---- Records provided

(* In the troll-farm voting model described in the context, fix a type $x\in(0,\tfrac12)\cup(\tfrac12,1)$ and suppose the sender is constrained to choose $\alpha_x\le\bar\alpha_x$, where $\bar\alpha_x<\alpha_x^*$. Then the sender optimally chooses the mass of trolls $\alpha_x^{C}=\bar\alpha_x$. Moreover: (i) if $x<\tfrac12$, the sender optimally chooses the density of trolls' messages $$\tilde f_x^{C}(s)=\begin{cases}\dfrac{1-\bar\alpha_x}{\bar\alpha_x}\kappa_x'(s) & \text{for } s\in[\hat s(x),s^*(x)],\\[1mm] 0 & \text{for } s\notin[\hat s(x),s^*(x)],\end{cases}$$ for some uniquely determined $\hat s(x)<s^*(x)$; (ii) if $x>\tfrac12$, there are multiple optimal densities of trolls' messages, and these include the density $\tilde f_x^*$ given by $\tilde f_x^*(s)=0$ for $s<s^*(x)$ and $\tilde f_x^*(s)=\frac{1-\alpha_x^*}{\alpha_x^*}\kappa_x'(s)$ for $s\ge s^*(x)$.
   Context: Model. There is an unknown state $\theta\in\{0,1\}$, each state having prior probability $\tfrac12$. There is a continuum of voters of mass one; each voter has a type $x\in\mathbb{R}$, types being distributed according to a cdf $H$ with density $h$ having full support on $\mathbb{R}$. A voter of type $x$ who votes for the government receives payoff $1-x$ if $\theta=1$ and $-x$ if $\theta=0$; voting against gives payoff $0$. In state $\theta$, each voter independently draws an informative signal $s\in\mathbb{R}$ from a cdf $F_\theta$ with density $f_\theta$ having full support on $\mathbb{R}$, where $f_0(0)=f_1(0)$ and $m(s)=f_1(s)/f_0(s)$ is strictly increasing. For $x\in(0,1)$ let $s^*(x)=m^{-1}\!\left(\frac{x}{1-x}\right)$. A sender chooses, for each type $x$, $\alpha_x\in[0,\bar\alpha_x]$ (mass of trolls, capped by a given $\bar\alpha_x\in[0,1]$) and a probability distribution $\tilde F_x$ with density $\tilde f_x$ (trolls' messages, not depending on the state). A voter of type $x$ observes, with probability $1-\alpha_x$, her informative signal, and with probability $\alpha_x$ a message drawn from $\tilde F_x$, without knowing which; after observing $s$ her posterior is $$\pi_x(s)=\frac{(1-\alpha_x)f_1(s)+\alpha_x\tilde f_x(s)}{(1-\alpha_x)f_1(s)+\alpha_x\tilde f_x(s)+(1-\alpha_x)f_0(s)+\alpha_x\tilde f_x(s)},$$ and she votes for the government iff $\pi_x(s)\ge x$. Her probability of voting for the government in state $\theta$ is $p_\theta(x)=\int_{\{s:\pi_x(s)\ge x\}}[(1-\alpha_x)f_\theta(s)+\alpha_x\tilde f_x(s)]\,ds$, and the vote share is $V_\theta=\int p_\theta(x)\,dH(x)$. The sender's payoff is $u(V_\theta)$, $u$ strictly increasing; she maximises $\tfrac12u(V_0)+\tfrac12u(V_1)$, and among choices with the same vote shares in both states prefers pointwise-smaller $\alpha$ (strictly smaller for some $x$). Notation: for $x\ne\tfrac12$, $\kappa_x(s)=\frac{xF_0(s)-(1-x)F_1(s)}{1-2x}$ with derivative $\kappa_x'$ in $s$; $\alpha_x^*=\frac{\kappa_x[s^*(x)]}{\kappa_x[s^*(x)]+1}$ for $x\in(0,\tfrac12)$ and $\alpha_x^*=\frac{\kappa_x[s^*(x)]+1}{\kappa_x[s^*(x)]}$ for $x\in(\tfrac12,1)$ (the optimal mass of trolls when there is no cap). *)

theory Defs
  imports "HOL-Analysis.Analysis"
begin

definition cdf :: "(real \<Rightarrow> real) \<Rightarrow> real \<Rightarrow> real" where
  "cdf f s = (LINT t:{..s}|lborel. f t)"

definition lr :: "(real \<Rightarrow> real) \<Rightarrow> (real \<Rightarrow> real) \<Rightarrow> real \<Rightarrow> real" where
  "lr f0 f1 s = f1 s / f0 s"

--------

* Task goal *
Retype the entries one by one, exactly.

* Response area *
(* In the troll-farm voting model described in the context, fix a type $x\in(0,\tfrac12)\cup(\tfrac12,1)$ and suppose the sender is constrained to choose $\alpha_x\le\bar\alpha_x$, where $\bar\alpha_x<\alpha_x^*$. Then the sender optimally chooses the mass of trolls $\alpha_x^{C}=\bar\alpha_x$. Moreover: (i) if $x<\tfrac12$, the sender optimally chooses the density of trolls' messages $$\tilde f_x^{C}(s)=\begin{cases}\dfrac{1-\bar\alpha_x}{\bar\alpha_x}\kappa_x'(s) & \text{for } s\in[\hat s(x),s^*(x)],\\[1mm] 0 & \text{for } s\notin[\hat s(x),s^*(x)],\end{cases}$$ for some uniquely determined $\hat s(x)<s^*(x)$; (ii) if $x>\tfrac12$, there are multiple optimal densities of trolls' messages, and these include the density $\tilde f_x^*$ given by $\tilde f_x^*(s)=0$ for $s<s^*(x)$ and $\tilde f_x^*(s)=\frac{1-\alpha_x^*}{\alpha_x^*}\kappa_x'(s)$ for $s\ge s^*(x)$.
   Context: Model. There is an unknown state $\theta\in\{0,1\}$, each state having prior probability $\tfrac12$. There is a continuum of voters of mass one; each voter has a type $x\in\mathbb{R}$, types being distributed according to a cdf $H$ with density $h$ having full support on $\mathbb{R}$. A voter of type $x$ who votes for the government receives payoff $1-x$ if $\theta=1$ and $-x$ if $\theta=0$; voting against gives payoff $0$. In state $\theta$, each voter independently draws an informative signal $s\in\mathbb{R}$ from a cdf $F_\theta$ with density $f_\theta$ having full support on $\mathbb{R}$, where $f_0(0)=f_1(0)$ and $m(s)=f_1(s)/f_0(s)$ is strictly increasing. For $x\in(0,1)$ let $s^*(x)=m^{-1}\!\left(\frac{x}{1-x}\right)$. A sender chooses, for each type $x$, $\alpha_x\in[0,\bar\alpha_x]$ (mass of trolls, capped by a given $\bar\alpha_x\in[0,1]$) and a probability distribution $\tilde F_x$ with density $\tilde f_x$ (trolls' messages, not depending on the state). A voter of type $x$ observes, with probability $1-\alpha_x$, her informative signal, and with probability $\alpha_x$ a message drawn from $\tilde F_x$, without knowing which; after observing $s$ her posterior is $$\pi_x(s)=\frac{(1-\alpha_x)f_1(s)+\alpha_x\tilde f_x(s)}{(1-\alpha_x)f_1(s)+\alpha_x\tilde f_x(s)+(1-\alpha_x)f_0(s)+\alpha_x\tilde f_x(s)},$$ and she votes for the government iff $\pi_x(s)\ge x$. Her probability of voting for the government in state $\theta$ is $p_\theta(x)=\int_{\{s:\pi_x(s)\ge x\}}[(1-\alpha_x)f_\theta(s)+\alpha_x\tilde f_x(s)]\,ds$, and the vote share is $V_\theta=\int p_\theta(x)\,dH(x)$. The sender's payoff is $u(V_\theta)$, $u$ strictly increasing; she maximises $\tfrac12u(V_0)+\tfrac12u(V_1)$, and among choices with the same vote shares in both states prefers pointwise-smaller $\alpha$ (strictly smaller for some $x$). Notation: for $x\ne\tfrac12$, $\kappa_x(s)=\frac{xF_0(s)-(1-x)F_1(s)}{1-2x}$ with derivative $\kappa_x'$ in $s$; $\alpha_x^*=\frac{\kappa_x[s^*(x)]}{\kappa_x[s^*(x)]+1}$ for $x\in(0,\tfrac12)$ and $\alpha_x^*=\frac{\kappa_x[s^*(x)]+1}{\kappa_x[s^*(x)]}$ for $x\in(\tfrac12,1)$ (the optimal mass of trolls when there is no cap). *)

theory Defs
  imports "HOL-Analysis.Analysis"
begin

definition cdf :: "(real \<Rightarrow> real) \<Rightarrow> real \<Rightarrow> real" where
  "cdf f s = (LINT t:{..s}|lborel. f t)"

definition lr :: "(real \<Rightarrow> real) \<Rightarrow> (real \<Rightarrow> real) \<Rightarrow> real \<Rightarrow> real" where
  "lr f0 f1 s = f1 s / f0 s"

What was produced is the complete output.